Что тут делать? Леницын очутился в затруднительном положении. Он никак не мог предвидеть, чтобы мнение, им незадолго изъявленное, привело его к такому быстрому осуществленью на деле. Предложение было до крайности неожиданно. Конечно, ничего вредоносного ни для кого не могло быть в этом поступке: помещики все равно заложили бы также эти души наравне с живыми, стало быть, казне убытку не может быть никакого; разница в том, что они были бы в одних руках, а тогда были бы в разных. Но тем не менее он затруднился. Он был законник и делец, и делец в хорошую сторону: неправо не решил бы он дела ни за какие подкупы. Но тут он остановился, не зная, какое имя дать этому действию – правое ли оно или неправое. Если бы кто-нибудь другой обратился к нему с таким предложением, он мог бы сказать: «Это вздор! пустяки! Я не хочу играть в куклы или дурачиться». Но гость уже так ему понравился, так они сошлись во многом насчет успехов просвещенья и наук, – как отказать? Леницын находился в презатруднительном положении.
Но в это время, точно как будто затем, чтобы помочь горю, вошла в комнату молодая курносенькая хозяйка, супруга Леницына, и бледная, и худенькая, и низенькая, и одетая со вкусом, как все петербургские дамы. За нею был вынесен мамкой на руках ребенок-первенец, плод нежной любви недавно бракосочетавшихся супругов. Чичиков, разумеется, подошел тот же час к даме и, не говоря уже о приличном приветствии, одним приятным наклоненьем головы набок много расположил ее в свою пользу. Затем подбежал к ребенку. Тот было разревелся; но, однако же, Чичикову удалось словами: «Агу, агу, душенька!» – пощелкиваньем пальцев и сердоликовой печаткой от часов переманить его на руки к себе. Взявши его к себе на руки, начал он приподымать его кверху и тем возбудил в ребенке приятную усмешку, которая очень обрадовала обоих родителей.

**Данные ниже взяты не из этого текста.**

lemma SBO_jump_M_convex_exchange:
  assumes conv: "SBO_jump_M_convex f" and "f z1 \<noteq> \<infinity>" and "f z2 \<noteq> \<infinity>"
  obtains l p where "two_step_decomp l p (\<lambda>i. z2 i - z1 i)"
    and "\<And>I. I \<subseteq> {..<l} \<Longrightarrow>
      f (\<lambda>i. z1 i + (\<Sum>k\<in>I. p k i)) + f (\<lambda>i. z2 i - (\<Sum>k\<in>I. p k i)) \<le> f z1 + f z2"
proof -
  obtain l p and g :: "nat \<Rightarrow> real" where
    dec: "two_step_decomp l p (\<lambda>i. z2 i - z1 i)" and
    f_z2: "f z2 = f z1 + ereal (\<Sum>k<l. g k)" and
    bound: "\<forall>I\<subseteq>{..<l}. f (\<lambda>i. z1 i + (\<Sum>k\<in>I. p k i)) \<le> f z1 + ereal (\<Sum>k\<in>I. g k)"
    using conv \<open>f z1 \<noteq> \<infinity>\<close> \<open>f z2 \<noteq> \<infinity>\<close> unfolding SBO_jump_M_convex_def by blast
  have "f (\<lambda>i. z1 i + (\<Sum>k\<in>I. p k i)) + f (\<lambda>i. z2 i - (\<Sum>k\<in>I. p k i)) \<le> f z1 + f z2"
    if I: "I \<subseteq> {..<l}" for I
  proof -
    have complement: "z2 i - (\<Sum>k\<in>I. p k i) = z1 i + (\<Sum>k\<in>{..<l} - I. p k i)" for i
      using two_step_decompD(3)[OF dec, of i] I by (simp add: sum_diff)
    have "f (\<lambda>i. z1 i + (\<Sum>k\<in>I. p k i)) + f (\<lambda>i. z2 i - (\<Sum>k\<in>I. p k i))
        \<le> (f z1 + ereal (\<Sum>k\<in>I. g k)) + (f z1 + ereal (\<Sum>k\<in>{..<l} - I. g k))"
      unfolding complement by (intro add_mono bound[rule_format]) (use I in auto)
    also have "\<dots> = f z1 + f z2"
      using \<open>f z1 \<noteq> \<infinity>\<close> I by (cases "f z1") (simp_all add: f_z2 sum_diff)
    finally show ?thesis .
  qed
  with dec show thesis by (rule that)
qed

lemma SBO_jump_M_convex_even_exchange:
  fixes f :: "('n::finite \<Rightarrow> int) \<Rightarrow> ereal"
  assumes conv: "SBO_jump_M_convex f" and "f z1 \<noteq> -\<infinity>" and "f z2 \<noteq> -\<infinity>"
    and even_diff: "\<And>i. even (z2 i - z1 i)" and "z1 v \<noteq> z2 v"
  obtains q where "\<And>i. even (q i)" and "q v = 2 * sgn (z2 v - z1 v)"
    and "\<And>i. z1 i = z2 i \<Longrightarrow> q i = 0"
    and "f (\<lambda>i. z1 i + q i) + f (\<lambda>i. z2 i - q i) \<le> f z1 + f z2"
proof (cases "f z1 = \<infinity> \<or> f z2 = \<infinity>")
  case True
  with \<open>f z1 \<noteq> -\<infinity>\<close> \<open>f z2 \<noteq> -\<infinity>\<close> have "f z1 + f z2 = \<infinity>" by auto
  then show thesis by (intro that[of "\<lambda>i. if i = v then 2 * sgn (z2 v - z1 v) else 0"]) auto
next
  case False
  then obtain l p where dec: "two_step_decomp l p (\<lambda>i. z2 i - z1 i)"
    and exchange: "\<And>I. I \<subseteq> {..<l} \<Longrightarrow>
      f (\<lambda>i. z1 i + (\<Sum>k\<in>I. p k i)) + f (\<lambda>i. z2 i - (\<Sum>k\<in>I. p k i)) \<le> f z1 + f z2"
    using SBO_jump_M_convex_exchange[OF conv] by blast
  have "\<forall>i. even (z2 i - z1 i)" "z2 v - z1 v \<noteq> 0" using even_diff \<open>z1 v \<noteq> z2 v\<close> by auto
  then obtain I where I: "I \<subseteq> {..<l}" "(\<Sum>k\<in>I. p k v) = 2 * sgn (z2 v - z1 v)"
    "\<And>i. even (\<Sum>k\<in>I. p k i)" "\<And>i. z2 i - z1 i = 0 \<Longrightarrow> (\<Sum>k\<in>I. p k i) = 0"
    using two_step_decomp_even_subfamily[OF dec] by blast
  show thesis
  proof (rule that)
    show "(\<Sum>k\<in>I. p k i) = 0" if "z1 i = z2 i" for i using I(4) that by simp
    show "f (\<lambda>i. z1 i + (\<Sum>k\<in>I. p k i)) + f (\<lambda>i. z2 i - (\<Sum>k\<in>I. p k i)) \<le> f z1 + f z2"
      by (rule exchange[OF I(1)])
  qed (fact I(2,3))+
qed

theorem lemma18:
  fixes f :: "('n::finite \<Rightarrow> int) \<Rightarrow> ereal"
    and r z1 z2 :: "'n \<Rightarrow> int" and istar :: 'n
  assumes vals: "\<forall>z. f z = \<infinity> \<or> (\<exists>q::rat. f z = ereal (of_rat q))"
    and conv: "SBO_jump_M_convex f"
    and par1: "\<forall>i. z1 i mod 2 = r i mod 2"
    and par2: "\<forall>i. z2 i mod 2 = r i mod 2"
    and gap: "z1 istar - z2 istar \<ge> 2"
  shows "\<exists>z1' z2' :: 'n \<Rightarrow> int.
           (\<forall>i. z1' i mod 2 = r i mod 2) \<and> (\<forall>i. z2' i mod 2 = r i mod 2) \<and>
           (\<forall>i. z1' i + z2' i = z1 i + z2 i) \<and>
           z1' istar = z1 istar - 2 \<and> z2' istar = z2 istar + 2 \<and>
           (\<forall>i. z1 i = z2 i \<longrightarrow> z1' i = z1 i \<and> z2' i = z2 i) \<and>
           f z1' + f z2' \<le> f z1 + f z2"
proof -
  have "f z1 \<noteq> -\<infinity>" "f z2 \<noteq> -\<infinity>" using vals by (metis MInfty_neq_PInfty(1) MInfty_neq_ereal(1))+
  moreover have "even (z2 i - z1 i)" for i
    using par1[rule_format, of i] par2[rule_format, of i] by presburger
  moreover have "z1 istar \<noteq> z2 istar" using gap by simp
  ultimately obtain q where q_even: "\<And>i. even (q i)" and "q istar = 2 * sgn (z2 istar - z1 istar)"
    and q_zero: "\<And>i. z1 i = z2 i \<Longrightarrow> q i = 0"
    and q_le: "f (\<lambda>i. z1 i + q i) + f (\<lambda>i. z2 i - q i) \<le> f z1 + f z2"
    using SBO_jump_M_convex_even_exchange[OF conv] by blast
  with gap have q_istar: "q istar = -2" by simp
  have "(z1 i + q i) mod 2 = r i mod 2" "(z2 i - q i) mod 2 = r i mod 2" for i
    using par1[rule_format, of i] par2[rule_format, of i] q_even[of i] by presburger+
  with q_istar q_zero q_le show ?thesis
    by (intro exI[of _ "\<lambda>i. z1 i + q i"] exI[of _ "\<lambda>i. z2 i - q i"]) simp
qed

end
(* Let $X=\{X_{\mathbf i}\}_{\mathbf i\in\mathbb R^2}$ be a max-stable random field with unit Fréchet margins $F(x)=\exp(-1/x)$, and let $\mathbf A,\mathbf B\subset\mathbb R^2$ be finite nonempty sets. Then the limits below exist and $$CI(\mathbf A,\mathbf B)=\sum_{\mathbf j\in\mathbf A}\frac{\sum_{\emptyset\ne\mathbf J\subseteq\mathbf B}(-1)^{|\mathbf J|+1}\lambda_{\mathbf J,\{\mathbf j\}}}{\epsilon_{\mathbf B}},$$ where $$CI(\mathbf A,\mathbf B)=\lim_{u\uparrow1}E\Big(\sum_{\mathbf j\in\mathbf A}\mathbf 1_{\{F(X_{\mathbf j})>u\}}\ \Big|\ \bigcup_{\mathbf i\in\mathbf B}\{F(X_{\mathbf i})>u\}\Big)$$ and, for finite nonempty $\mathbf J,\mathbf K\subset\mathbb R^2$, $\lambda_{\mathbf J,\mathbf K}=\lim_{u\uparrow1}P\big(\bigcap_{\mathbf j\in\mathbf J}\{F(X_{\mathbf j})>u\}\ \big|\ \bigcap_{\mathbf k\in\mathbf K}\{F(X_{\mathbf k})>u\}\big)$.
   Context: A random field $X=\{X_{\mathbf i}\}_{\mathbf i\in\mathbb R^2}$ is max-stable with unit Fréchet margins if every $X_{\mathbf i}$ has distribution function $F(x)=\exp(-1/x)$, $x>0$, and for every finite set $\mathbf B=\{\mathbf i_1,\dots,\mathbf i_k\}\subset\mathbb R^2$ the joint distribution is a multivariate extreme value distribution $P(X_{\mathbf i_1}\le x_1,\dots,X_{\mathbf i_k}\le x_k)=\exp(-V_{\mathbf B}(x_1,\dots,x_k))$, $x_j>0$, where the exponent function $V_{\mathbf B}$ is homogeneous of order $-1$. The extremal coefficient of $\mathbf B$ is $\epsilon_{\mathbf B}=V_{\mathbf B}(1,\dots,1)$, so that $P(X_{\mathbf k}\le x\ \forall \mathbf k\in\mathbf B)=\exp(-\epsilon_{\mathbf B}/x)$ for $x>0$. *)

theory Defs
  imports "HOL-Probability.Probability"
begin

Но от удовольствия ли или от чего-нибудь другого, ребенок вдруг повел себя нехорошо. Жена Леницына закричала:
– Ах, боже мой! он вам испортил весь фрак!
Чичиков посмотрел: рукав новешенького фрака был весь испорчен. «Пострел бы тебя побрал, чертенок проклятый!» – пробормотал он в сердцах про себя.
Хозяин, и хозяйка, и мамка – все побежали за одеколоном; со всех сторон принялись его вытирать.
– Ничего, ничего, совершенно ничего, – говорил Чичиков. – Может ли что-нибудь невинный ребенок? – И в то же время думал про себя: «Да ведь как метко обделал, канальчонок проклятый!» – Золотой возраст! – сказал он, когда уже его совершенно вытерли и приятное выражение возвратилось на его лицо.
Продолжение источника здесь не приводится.